Please repeat the lines below, exactly and only, from the one that holds "c d = (inner" through the one that holds "by (simp add: excess_def coupling_def".

[Input material]

(* Let $(x_n)$ be generated by (HPPA). Let ${\rm a},{\rm E}:\mathbb{N}\to\mathbb{N}$ be monotone functions satisfying (Q1) and (Q4) respectively, and let $\mathcal{E},\mathcal{D}\in\mathbb{N}$ satisfy $\mathcal{E}\geq 1+\sum_{i=0}^{{\rm E}(0)}\|e_i\|$ and $\mathcal{D}\geq\|x_0-p\|$ for some $p\in S$. Define $\xi(k):=\max\{{\rm a}(2(2\mathcal{D}+\mathcal{E})(k+1)-1),\ {\rm E}(2k+1)+1\}$. Then $$\forall k\in\mathbb{N}\ \forall n\geq\xi(k)\ \left(\|x_{n+1}-J_{\beta_n}(x_n)\|\leq\frac{1}{k+1}\right).$$
   Context: $X$ is a real Hilbert space, $\mathsf{A}:X\to 2^X$ a maximal monotone operator with zero set $S=\{x:0\in\mathsf{A}(x)\}$, assumed nonempty. For $\beta>0$, $J_\beta:=(Id+\beta\mathsf{A})^{-1}$ is the resolvent, a single-valued nonexpansive map with fixed point set $S$. Given $(\alpha_n)\subset\,]0,1[$, $(\beta_n)\subset(0,\infty)$, $(e_n)\subset X$, $x_0\in X$, (HPPA) is the sequence $x_{n+1}:=\alpha_n x_0+(1-\alpha_n)(J_{\beta_n}(x_n)+e_n)$. (Q1): $\forall k\,\forall n\geq{\rm a}(k)\ \alpha_n\leq\frac{1}{k+1}$. (Q4): $\forall k\,\forall n\ \sum_{i={\rm E}(k)+1}^{{\rm E}(k)+n}\|e_i\|\leq\frac{1}{k+1}$. Monotone means nondecreasing. *)

theory Defs
  imports "HOL-Analysis.Analysis"
begin

definition monotone_op :: "('a::real_inner \<Rightarrow> 'a set) \<Rightarrow> bool" where
  "monotone_op A \<longleftrightarrow> (\<forall>x y u v. u \<in> A x \<longrightarrow> v \<in> A y \<longrightarrow> inner (x - y) (u - v) \<ge> 0)"

definition maximal_monotone :: "('a::real_inner \<Rightarrow> 'a set) \<Rightarrow> bool" where
  "maximal_monotone A \<longleftrightarrow> monotone_op A \<and>
     (\<forall>B. monotone_op B \<and> (\<forall>x. A x \<subseteq> B x) \<longrightarrow> B = A)"

text \<open>Resolvent J_beta = (Id + beta A)^{-1}: the unique y with x \<in> y + beta A(y).\<close>
definition resolvent :: "('a::real_inner \<Rightarrow> 'a set) \<Rightarrow> real \<Rightarrow> 'a \<Rightarrow> 'a" where
  "resolvent A \<beta> x = (THE y. \<exists>u \<in> A y. x = y + \<beta> *\<^sub>R u)"

definition zeros_op :: "('a::real_inner \<Rightarrow> 'a set) \<Rightarrow> 'a set" where
  "zeros_op A = {x. 0 \<in> A x}"

end

theory Submission
  imports Defs
begin

text \<open>
  Writing J = resolvent A (\<beta> n), the residual x (n+1) - J (x n) equals
  \<alpha> n (x 0 - J (x n)) + (1 - \<alpha> n) e n. Since J is nonexpansive and fixes p, the distance
  of x n to p grows at most by the summed errors, so x 0 - J (x n) is bounded by 2\<D> + \<E>;
  the rates a and E then make both terms smaller than 1 / (2 (k + 1)).

  As the resolvent is a definite description, its nonexpansiveness rests on Minty's theorem
  that Id + \<beta>A is onto. Given x, the pairs (c, x - \<beta>b) with b \<in> A c form an antimonotone
  set G. Lift each pair to (\<langle>c, d\<rangle>, c, d) and maximise the concave function
  L - \<parallel>(C + D)/2\<parallel>^2 over the convex hull of the lifts, where it is nonpositive because G is
  antimonotone. The centres (C + D)/2 of a maximising sequence converge to a point y with
  \<langle>y - c, y - d\<rangle> \<le> 0 for all (c, d) \<in> G, and maximality of A turns this into x - y \<in> \<beta> A y.
\<close>

definition lift_pair :: "'a::real_inner \<Rightarrow> 'a \<Rightarrow> real \<times> 'a \<times> 'a" where
  "lift_pair c d = (inner c d, c, d)"

definition coupling :: "real \<times> 'a::real_inner \<times> 'a \<Rightarrow> real \<times> 'a \<times> 'a \<Rightarrow> real" where
  "coupling u v =
     fst u + fst v - inner (fst (snd u)) (snd (snd v)) - inner (fst (snd v)) (snd (snd u))"

definition centre :: "real \<times> 'a::real_inner \<times> 'a \<Rightarrow> 'a" where
  "centre u = (1/2) *\<^sub>R (fst (snd u) + snd (snd u))"

definition excess :: "real \<times> 'a::real_inner \<times> 'a \<Rightarrow> real" where
  "excess u = fst u - (norm (centre u))\<^sup>2"

lemma coupling_sym: "coupling u v = coupling v u"
  by (simp add: coupling_def)

lemma coupling_convex_comb:
  "coupling u ((1 - t) *\<^sub>R v + t *\<^sub>R w) = (1 - t) * coupling u v + t * coupling u w"
  by (simp add: coupling_def algebra_simps)

lemma coupling_lift_pair: "coupling (lift_pair c d) (lift_pair c' d') = inner (c - c') (d - d')"
  by (simp add: coupling_def lift_pair_def inner_diff_left inner_diff_right inner_commute)

lemma convex_coupling_nonpos: "convex {v. coupling u v \<le> 0}"
  unfolding convex_alt
proof (intro ballI allI impI)
  fix v w and t :: real
  assume "v \<in> {v. coupling u v \<le> 0}" "w \<in> {v. coupling u v \<le> 0}" "0 \<le> t \<and> t \<le> 1"
  then show "(1 - t) *\<^sub>R v + t *\<^sub>R w \<in> {v. coupling u v \<le> 0}"
    by (simp add: coupling_convex_comb add_nonpos_nonpos mult_nonneg_nonpos)
qed

lemma excess_eq_coupling:
  "excess u = coupling u u / 2 - (norm (fst (snd u) - snd (snd u)))\<^sup>2 / 4"
  by (simp add: excess_def coupling_def centre_def power2_norm_eq_inner inner_diff_left
      inner_diff_right inner_commute algebra_simps) (simp add: field_simps)

lemma excess_convex_comb:
  "excess ((1 - t) *\<^sub>R u + t *\<^sub>R v) =
     (1 - t) * excess u + t * excess v + t * (1 - t) * (norm (centre u - centre v))\<^sup>2"
  by (simp add: excess_def centre_def power2_norm_eq_inner inner_diff_left inner_diff_right
      inner_commute algebra_simps) (simp add: field_simps)

lemma coupling_hull_nonpos:
  assumes mon: "\<And>c d c' d'. (c, d) \<in> G \<Longrightarrow> (c', d') \<in> G \<Longrightarrow> inner (c - c') (d - d') \<le> 0"
    and u: "u \<in> convex hull (case_prod lift_pair ` G)"
    and v: "v \<in> convex hull (case_prod lift_pair ` G)"
  shows "coupling u v \<le> 0"
proof -
  have lift_le: "convex hull (case_prod lift_pair ` G) \<subseteq> {v. coupling w v \<le> 0}"
    if "w \<in> case_prod lift_pair ` G" for w
    using that mon by (intro hull_minimal convex_coupling_nonpos) (auto simp: coupling_lift_pair)
  have "case_prod lift_pair ` G \<subseteq> {u. coupling v u \<le> 0}"
    using lift_le v by (fastforce simp: coupling_sym)
  then have "convex hull (case_prod lift_pair ` G) \<subseteq> {u. coupling v u \<le> 0}"
    by (intro hull_minimal convex_coupling_nonpos)
  with u show ?thesis by (auto simp: coupling_sym)
qed

lemma excess_hull_nonpos:
  assumes "\<And>c d c' d'. (c, d) \<in> G \<Longrightarrow> (c', d') \<in> G \<Longrightarrow> inner (c - c') (d - d') \<le> 0"
    and "u \<in> convex hull (case_prod lift_pair ` G)"
  shows "excess u \<le> 0"
  unfolding excess_eq_coupling
  using coupling_hull_nonpos[OF assms assms(2)] zero_le_power2[of "norm (fst (snd u) - snd (snd u))"]
  by linarith

lemma Cauchy_of_sq_dist_bound:
  fixes Y :: "nat \<Rightarrow> 'a::real_normed_vector"
  assumes bound: "\<And>m n. (norm (Y m - Y n))\<^sup>2 \<le> r m + r n" and r: "r \<longlonglongrightarrow> 0"
  shows "Cauchy Y"
  unfolding Cauchy_iff
proof (intro allI impI)
  fix \<epsilon> :: real assume "\<epsilon> > 0"
  then obtain M where M: "\<And>n. n \<ge> M \<Longrightarrow> \<bar>r n\<bar> < \<epsilon>\<^sup>2 / 2"
    using LIMSEQ_D[OF r, of "\<epsilon>\<^sup>2 / 2"] by auto
  have "norm (Y m - Y n) < \<epsilon>" if "m \<ge> M" "n \<ge> M" for m n
  proof -
    have "(norm (Y m - Y n))\<^sup>2 < \<epsilon>\<^sup>2"
      using bound[of m n] M[OF that(1)] M[OF that(2)] by linarith
    with \<open>\<epsilon> > 0\<close> show ?thesis by (simp add: power2_less_imp_less)
  qed
  then show "\<exists>M. \<forall>m\<ge>M. \<forall>n\<ge>M. norm (Y m - Y n) < \<epsilon>" by blast
qed

lemma const_over_Suc_tendsto_zero: "(\<lambda>n. c / (real n + 1)) \<longlonglongrightarrow> 0"
  using LIMSEQ_Suc[OF lim_const_over_n[of c]] by (simp add: add.commute)

lemma maximising_centres_Cauchy:
  assumes H: "convex H" and le_s: "\<And>u. u \<in> H \<Longrightarrow> excess u \<le> s"
    and U: "\<And>n. U n \<in> H" "\<And>n. s - 1 / (real n + 1) < excess (U n)"
  shows "Cauchy (\<lambda>n. centre (U n))"
proof (rule Cauchy_of_sq_dist_bound)
  fix m n
  have "(1 - 1/2) *\<^sub>R U m + (1/2) *\<^sub>R U n \<in> H"
    using convexD_alt[OF H U(1)[of m] U(1)[of n], of "1/2"] by simp
  then have "excess ((1 - 1/2) *\<^sub>R U m + (1/2) *\<^sub>R U n) \<le> s" by (rule le_s)
  with U(2)[of m] U(2)[of n]
  show "(norm (centre (U m) - centre (U n)))\<^sup>2 \<le> 2 / (real m + 1) + 2 / (real n + 1)"
    unfolding excess_convex_comb by simp
next
  show "(\<lambda>n. 2 / (real n + 1)) \<longlonglongrightarrow> 0"
    by (rule const_over_Suc_tendsto_zero)
qed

[/Input material]

_Response area_
  "lift_pair c d = (inner c d, c, d)"

definition coupling :: "real \<times> 'a::real_inner \<times> 'a \<Rightarrow> real \<times> 'a \<times> 'a \<Rightarrow> real" where
  "coupling u v =
     fst u + fst v - inner (fst (snd u)) (snd (snd v)) - inner (fst (snd v)) (snd (snd u))"

definition centre :: "real \<times> 'a::real_inner \<times> 'a \<Rightarrow> 'a" where
  "centre u = (1/2) *\<^sub>R (fst (snd u) + snd (snd u))"

definition excess :: "real \<times> 'a::real_inner \<times> 'a \<Rightarrow> real" where
  "excess u = fst u - (norm (centre u))\<^sup>2"

lemma coupling_sym: "coupling u v = coupling v u"
  by (simp add: coupling_def)

lemma coupling_convex_comb:
  "coupling u ((1 - t) *\<^sub>R v + t *\<^sub>R w) = (1 - t) * coupling u v + t * coupling u w"
  by (simp add: coupling_def algebra_simps)

lemma coupling_lift_pair: "coupling (lift_pair c d) (lift_pair c' d') = inner (c - c') (d - d')"
  by (simp add: coupling_def lift_pair_def inner_diff_left inner_diff_right inner_commute)

lemma convex_coupling_nonpos: "convex {v. coupling u v \<le> 0}"
  unfolding convex_alt
proof (intro ballI allI impI)
  fix v w and t :: real
  assume "v \<in> {v. coupling u v \<le> 0}" "w \<in> {v. coupling u v \<le> 0}" "0 \<le> t \<and> t \<le> 1"
  then show "(1 - t) *\<^sub>R v + t *\<^sub>R w \<in> {v. coupling u v \<le> 0}"
    by (simp add: coupling_convex_comb add_nonpos_nonpos mult_nonneg_nonpos)
qed

lemma excess_eq_coupling:
  "excess u = coupling u u / 2 - (norm (fst (snd u) - snd (snd u)))\<^sup>2 / 4"
  by (simp add: excess_def coupling_def centre_def power2_norm_eq_inner inner_diff_left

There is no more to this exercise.